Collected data
[Start of Attachment]
(* Let $c_1,\dots,c_t$ and $d_1,\dots,d_r$ be block columns in $C_n^*$ such that every $c_i$ consists only of unbarred letters, every $d_j$ consists only of barred letters, and $w=c_1\cdots c_t\,d_1\cdots d_r$ is a column. Let $x_i$ be the largest (rightmost) letter of $c_i$ and let $\overline{y_j}$ be the smallest (leftmost) letter of $d_j$. Then $w$ is admissible if and only if $N_z(w)\le z$ for every $z\in\{x_1,\dots,x_t,y_1,\dots,y_r\}$.
   Context: Fix $n\ge 1$ and the totally ordered alphabet $C_n=\{1<2<\cdots<n<\overline{n}<\overline{n-1}<\cdots<\overline{1}\}$; letters $1,\dots,n$ are unbarred, $\overline 1,\dots,\overline n$ barred. $C_n^*$ is the free monoid of words on $C_n$. A column is a word $x_1\cdots x_k$ with $x_1<x_2<\cdots<x_k$. For a column $u$ and $z\in\{1,\dots,n\}$, $N_z(u)$ is the number of letters $x$ of $u$ with $x\le z$ or $x\ge \overline z$. A column $u$ is admissible if it is nonempty and $N_z(u)\le z$ for all $z=1,\dots,n$. A block column is a column $x_1\cdots x_k$ in which each $x_{i+1}$ is the immediate successor of $x_i$ in the total order of $C_n$. *)

theory Defs
  imports Main
begin

text \<open>Letters of the alphabet C_n: Unb i stands for the unbarred letter i,
  Bar i for the barred letter (overline i). A letter belongs to C_n iff its index is in {1..n}.\<close>
datatype letter = Unb nat | Bar nat

fun idx :: "letter \<Rightarrow> nat" where
  "idx (Unb i) = i"
| "idx (Bar i) = i"

fun is_barred :: "letter \<Rightarrow> bool" where
  "is_barred (Unb i) = False"
| "is_barred (Bar i) = True"

instantiation letter :: linorder
begin
fun less_eq_letter :: "letter \<Rightarrow> letter \<Rightarrow> bool" where
  "less_eq_letter (Unb i) (Unb j) = (i \<le> j)"
| "less_eq_letter (Unb i) (Bar j) = True"
| "less_eq_letter (Bar i) (Unb j) = False"
| "less_eq_letter (Bar i) (Bar j) = (j \<le> i)"
definition less_letter :: "letter \<Rightarrow> letter \<Rightarrow> bool" where
  "less_letter x y = (x \<le> y \<and> \<not> y \<le> x)"
instance
proof
  fix x y z :: letter
  show "(x < y) = (x \<le> y \<and> \<not> y \<le> x)" by (simp add: less_letter_def)
  show "x \<le> x" by (cases x) auto
  show "x \<le> y \<Longrightarrow> y \<le> z \<Longrightarrow> x \<le> z" by (cases x; cases y; cases z) auto
  show "x \<le> y \<Longrightarrow> y \<le> x \<Longrightarrow> x = y" by (cases x; cases y) auto
  show "x \<le> y \<or> y \<le> x" by (cases x; cases y) auto
qed
end

definition in_Cn :: "nat \<Rightarrow> letter \<Rightarrow> bool" where
  "in_Cn n x = (1 \<le> idx x \<and> idx x \<le> n)"

definition is_column :: "nat \<Rightarrow> letter list \<Rightarrow> bool" where
  "is_column n u = ((\<forall>x\<in>set u. in_Cn n x) \<and> sorted_wrt (<) u)"

definition imm_succ :: "nat \<Rightarrow> letter \<Rightarrow> letter \<Rightarrow> bool" where
  "imm_succ n a b = (in_Cn n a \<and> in_Cn n b \<and> a < b \<and> \<not> (\<exists>c. in_Cn n c \<and> a < c \<and> c < b))"

definition is_block_column :: "nat \<Rightarrow> letter list \<Rightarrow> bool" where
  "is_block_column n u = (is_column n u \<and> (\<forall>i. Suc i < length u \<longrightarrow> imm_succ n (u ! i) (u ! Suc i)))"

definition Nz :: "nat \<Rightarrow> letter list \<Rightarrow> nat" where
  "Nz z u = length (filter (\<lambda>x. x \<le> Unb z \<or> Bar z \<le> x) u)"

definition admissible :: "nat \<Rightarrow> letter list \<Rightarrow> bool" where
  "admissible n u = (is_column n u \<and> u \<noteq> [] \<and> (\<forall>z\<in>{1..n}. Nz z u \<le> z))"

end

theory Submission
  imports Defs
begin

text \<open>Passing from N_{k-1}(w) to N_k(w) adds exactly the letters k and bar k. So an excess
  N_z(w) > z at an index z not occurring in w is already an excess at z - 1, while along a run
  z, z+1, ..., e of indices all occurring in w the excess N_z(w) - z cannot decrease. In w every
  occurring index lies in some block column, whose indices form an interval with upper end some
  x_i or y_j. By induction on z, an excess anywhere thus yields one at some x_i or y_j; it cannot
  descend to 0 since N_0(w) = 0.\<close>

lemma Nz_Suc:
  "Nz (Suc k) w = Nz k w + length (filter (\<lambda>x. idx x = Suc k) w)"
proof (induction w)
  case Nil
  then show ?case by (simp add: Nz_def)
next
  case (Cons x w)
  then show ?case by (cases x) (auto simp: Nz_def)
qed

lemma Nz_Suc_eq:
  assumes "Suc k \<notin> idx ` set w"
  shows "Nz (Suc k) w = Nz k w"
  using assms by (force simp: Nz_Suc filter_empty_conv)

lemma Nz_Suc_gt:
  assumes "Suc k \<in> idx ` set w"
  shows "Nz k w < Nz (Suc k) w"
proof -
  have "filter (\<lambda>x. idx x = Suc k) w \<noteq> []"
    using assms by (auto simp: filter_empty_conv)
  then show ?thesis by (simp add: Nz_Suc)
qed

lemma Nz_0:
  assumes "0 \<notin> idx ` set w"
  shows "Nz 0 w = 0"
proof -
  have "\<not> (x \<le> Unb 0 \<or> Bar 0 \<le> x)" if "x \<in> set w" for x
    using assms that by (cases x) force+
  then show ?thesis by (simp add: Nz_def filter_empty_conv)
qed

lemma Nz_add_le_on_run:
  assumes "a \<le> b" and "{a<..b} \<subseteq> idx ` set w"
  shows "Nz a w + (b - a) \<le> Nz b w"
  using assms
proof (induction b rule: dec_induct)
  case base
  then show ?case by simp
next
  case (step b)
  have "{a<..b} \<subseteq> idx ` set w"
    using step.prems by auto
  then have "Nz a w + (b - a) \<le> Nz b w"
    using step.IH by blast
  moreover have "Nz b w < Nz (Suc b) w"
    using step.prems step.hyps(1) by (intro Nz_Suc_gt) auto
  ultimately show ?case
    using step.hyps(1) by simp
qed

lemma Nz_excess_at_run_end:
  assumes "0 \<notin> idx ` set w"
    and runs: "\<And>k. k \<in> idx ` set w \<Longrightarrow> \<exists>e\<in>E. k \<le> e \<and> {k..e} \<subseteq> idx ` set w"
    and "z < Nz z w"
  shows "\<exists>e\<in>E. e < Nz e w"
  using assms(3)
proof (induction z)
  case 0
  then show ?case using Nz_0[OF assms(1)] by simp
next
  case (Suc z)
  show ?case
  proof (cases "Suc z \<in> idx ` set w")
    case True
    then obtain e where e: "e \<in> E" "Suc z \<le> e" "{Suc z..e} \<subseteq> idx ` set w"
      using runs by blast
    then have "Nz (Suc z) w + (e - Suc z) \<le> Nz e w"
      by (intro Nz_add_le_on_run) auto
    then show ?thesis
      using e Suc.prems by (intro bexI[of _ e]) auto
  next
    case False
    then show ?thesis
      using Suc by (simp add: Nz_Suc_eq)
  qed
qed

lemma imm_succ_Unb_unbarred:
  assumes "imm_succ n (Unb a) y" and "\<not> is_barred y"
  shows "y = Unb (Suc a)"
proof -
  obtain b where y: "y = Unb b"
    using assms(2) by (cases y) auto
  have ab: "a < b" "b \<le> n" "1 \<le> a"
    using assms(1) y by (auto simp: imm_succ_def in_Cn_def less_letter_def)
  show ?thesis
  proof (rule ccontr)
    assume "y \<noteq> Unb (Suc a)"
    then have "in_Cn n (Unb (Suc a)) \<and> Unb a < Unb (Suc a) \<and> Unb (Suc a) < y"
      using ab y by (auto simp: in_Cn_def less_letter_def)
    then show False
      using assms(1) by (auto simp: imm_succ_def)
  qed
qed

lemma imm_succ_Bar:
  assumes "imm_succ n (Bar a) y"
  shows "y = Bar (a - 1)"
proof -
  have "\<not> y \<le> Bar a"
    using assms by (auto simp: imm_succ_def less_letter_def)
  then obtain b where y: "y = Bar b"
    by (cases y) auto
  have ab: "b < a" "1 \<le> b" "a \<le> n"
    using assms y by (auto simp: imm_succ_def in_Cn_def less_letter_def)
  show ?thesis
  proof (rule ccontr)
    assume "y \<noteq> Bar (a - 1)"
    then have "in_Cn n (Bar (a - 1)) \<and> Bar a < Bar (a - 1) \<and> Bar (a - 1) < y"
      using ab y by (auto simp: in_Cn_def less_letter_def)
    then show False
      using assms by (auto simp: imm_succ_def)
  qed
qed

lemma unbarred_block_column_nth:
  assumes "c \<noteq> []" "is_block_column n c" "\<forall>x\<in>set c. \<not> is_barred x" "i < length c"
  shows "c ! i = Unb (idx (hd c) + i)"
  using assms(4)
proof (induction i)
  case 0
  have "\<not> is_barred (hd c)"
    using assms(1,3) by simp
  then show ?case
    using assms(1) by (cases "hd c") (auto simp: hd_conv_nth)
next
  case (Suc i)
  have "imm_succ n (c ! i) (c ! Suc i)"
    using assms(2) Suc.prems by (auto simp: is_block_column_def)
  then show ?case
    using Suc assms(3) imm_succ_Unb_unbarred by auto
qed

lemma barred_block_column_nth:
  assumes "d \<noteq> []" "is_block_column n d" "\<forall>x\<in>set d. is_barred x" "i < length d"
  shows "d ! i = Bar (idx (hd d) - i)"
  using assms(4)
proof (induction i)
  case 0
  have "is_barred (hd d)"
    using assms(1,3) by simp
  then show ?case
    using assms(1) by (cases "hd d") (auto simp: hd_conv_nth)
next
  case (Suc i)
  have "imm_succ n (d ! i) (d ! Suc i)"
    using assms(2) Suc.prems by (auto simp: is_block_column_def)
  then have "d ! Suc i = Bar (idx (hd d) - i - 1)"
    using Suc imm_succ_Bar[of n "idx (hd d) - i"] by simp
  then show ?case
    by simp
qed

lemma Unb_in_unbarred_block_column_iff:
  assumes "c \<noteq> []" "is_block_column n c" "\<forall>x\<in>set c. \<not> is_barred x"
  shows "Unb k \<in> set c \<longleftrightarrow> idx (hd c) \<le> k \<and> k \<le> idx (last c)"
proof -
  note nth = unbarred_block_column_nth[OF assms]
  have "idx (last c) = idx (hd c) + (length c - 1)"
    using assms(1) nth[of "length c - 1"] by (simp add: last_conv_nth)
  moreover have "Unb k \<in> set c \<longleftrightarrow> (\<exists>i < length c. k = idx (hd c) + i)"
    by (auto simp: in_set_conv_nth nth)
  moreover have "0 < length c"
    using assms(1) by simp
  ultimately show ?thesis
    by (auto intro!: exI[of _ "k - idx (hd c)"])
qed

lemma Bar_in_barred_block_column_iff:
  assumes "d \<noteq> []" "is_block_column n d" "\<forall>x\<in>set d. is_barred x"
  shows "Bar k \<in> set d \<longleftrightarrow> idx (last d) \<le> k \<and> k \<le> idx (hd d)"
proof -
  note nth = barred_block_column_nth[OF assms]
  have last: "last d = Bar (idx (hd d) - (length d - 1))"
    using assms(1) nth[of "length d - 1"] by (simp add: last_conv_nth)
  then have "1 \<le> idx (hd d) - (length d - 1)"
    using assms(1,2) last_in_set
    by (fastforce simp: is_block_column_def is_column_def in_Cn_def)
  moreover have "Bar k \<in> set d \<longleftrightarrow> (\<exists>i < length d. k = idx (hd d) - i)"
    by (auto simp: in_set_conv_nth nth)
  moreover have "0 < length d"
    using assms(1) by simp
  ultimately have "Bar k \<in> set d \<longleftrightarrow> idx (hd d) - (length d - 1) \<le> k \<and> k \<le> idx (hd d)"
    by (auto intro!: exI[of _ "idx (hd d) - k"])
  then show ?thesis
    using last by simp
qed

lemma block_columns_runs:
  assumes cs: "\<forall>c\<in>set cs. c \<noteq> [] \<and> is_block_column n c \<and> (\<forall>x\<in>set c. \<not> is_barred x)"
    and ds: "\<forall>d\<in>set ds. d \<noteq> [] \<and> is_block_column n d \<and> (\<forall>x\<in>set d. is_barred x)"
    and "k \<in> idx ` set (concat cs @ concat ds)"
  shows "\<exists>e \<in> (idx \<circ> last) ` set cs \<union> (idx \<circ> hd) ` set ds.
           k \<le> e \<and> {k..e} \<subseteq> idx ` set (concat cs @ concat ds)"
proof -
  consider c where "c \<in> set cs" "Unb k \<in> set c" | d where "d \<in> set ds" "Bar k \<in> set d"
  proof -
    obtain x where x: "x \<in> set (concat cs @ concat ds)" "k = idx x"
      using assms(3) by blast
    show thesis
    proof (cases x)
      case (Unb i)
      then show thesis
        using x cs ds that(1) by fastforce
    next
      case (Bar i)
      then show thesis
        using x cs ds that(2) by fastforce
    qed
  qed
  then show ?thesis
  proof cases
    case 1
    have c: "c \<noteq> []" "is_block_column n c" "\<forall>x\<in>set c. \<not> is_barred x"
      using cs 1(1) by auto
    note iff = Unb_in_unbarred_block_column_iff[OF c]
    have "{k..idx (last c)} \<subseteq> idx ` set c"
    proof
      fix j assume "j \<in> {k..idx (last c)}"
      then have "Unb j \<in> set c"
        using 1(2) iff by auto
      then show "j \<in> idx ` set c"
        by (metis idx.simps(1) image_eqI)
    qed
    moreover have "k \<le> idx (last c)"
      using 1(2) iff by blast
    moreover have "idx ` set c \<subseteq> idx ` set (concat cs @ concat ds)"
      using 1(1) by auto
    ultimately show ?thesis
      using 1(1) by (intro bexI[of _ "idx (last c)"]) auto
  next
    case 2
    have d: "d \<noteq> []" "is_block_column n d" "\<forall>x\<in>set d. is_barred x"
      using ds 2(1) by auto
    note iff = Bar_in_barred_block_column_iff[OF d]
    have "{k..idx (hd d)} \<subseteq> idx ` set d"
    proof
      fix j assume "j \<in> {k..idx (hd d)}"
      then have "Bar j \<in> set d"
        using 2(2) iff by auto
      then show "j \<in> idx ` set d"
        by (metis idx.simps(2) image_eqI)
    qed
    moreover have "k \<le> idx (hd d)"
      using 2(2) iff by blast
    moreover have "idx ` set d \<subseteq> idx ` set (concat cs @ concat ds)"
      using 2(1) by auto
    ultimately show ?thesis
      using 2(1) by (intro bexI[of _ "idx (hd d)"]) auto
  qed
qed

theorem proposition2p1:
  fixes n :: nat and cs ds :: "letter list list"
  assumes "n \<ge> 1"
    and "\<forall>c\<in>set cs. c \<noteq> [] \<and> is_block_column n c \<and> (\<forall>x\<in>set c. \<not> is_barred x)"
    and "\<forall>d\<in>set ds. d \<noteq> [] \<and> is_block_column n d \<and> (\<forall>x\<in>set d. is_barred x)"
    and "is_column n (concat cs @ concat ds)"
    and "concat cs @ concat ds \<noteq> []"
  shows "admissible n (concat cs @ concat ds) \<longleftrightarrow>
    (\<forall>z \<in> (idx \<circ> last) ` set cs \<union> (idx \<circ> hd) ` set ds.
        Nz z (concat cs @ concat ds) \<le> z)"
proof -
  let ?w = "concat cs @ concat ds"
  let ?E = "(idx \<circ> last) ` set cs \<union> (idx \<circ> hd) ` set ds"
  have letters: "idx ` set ?w \<subseteq> {1..n}"
    using assms(4) by (auto simp: is_column_def in_Cn_def)
  have "?E \<subseteq> idx ` set ?w"
    using assms(2,3) by (force intro: last_in_set hd_in_set)
  then have "?E \<subseteq> {1..n}"
    using letters by blast
  moreover have "Nz z ?w \<le> z" if "\<forall>e\<in>?E. Nz e ?w \<le> e" for z
  proof (rule ccontr)
    have "0 \<notin> idx ` set ?w"
      using letters by (metis atLeastAtMost_iff not_one_le_zero subsetD)
    moreover assume "\<not> Nz z ?w \<le> z"
    ultimately have "\<exists>e\<in>?E. e < Nz e ?w"
      using Nz_excess_at_run_end block_columns_runs[OF assms(2,3)] not_le by metis
    then show False
      using that by (meson not_le)
  qed
  ultimately show ?thesis
    using assms(4,5) by (auto simp: admissible_def)
qed

end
[End of Attachment]
Exercise aim:
Provide the number of lines in these entries that hold the word "cannot", without any accompanying text.

Your response:
2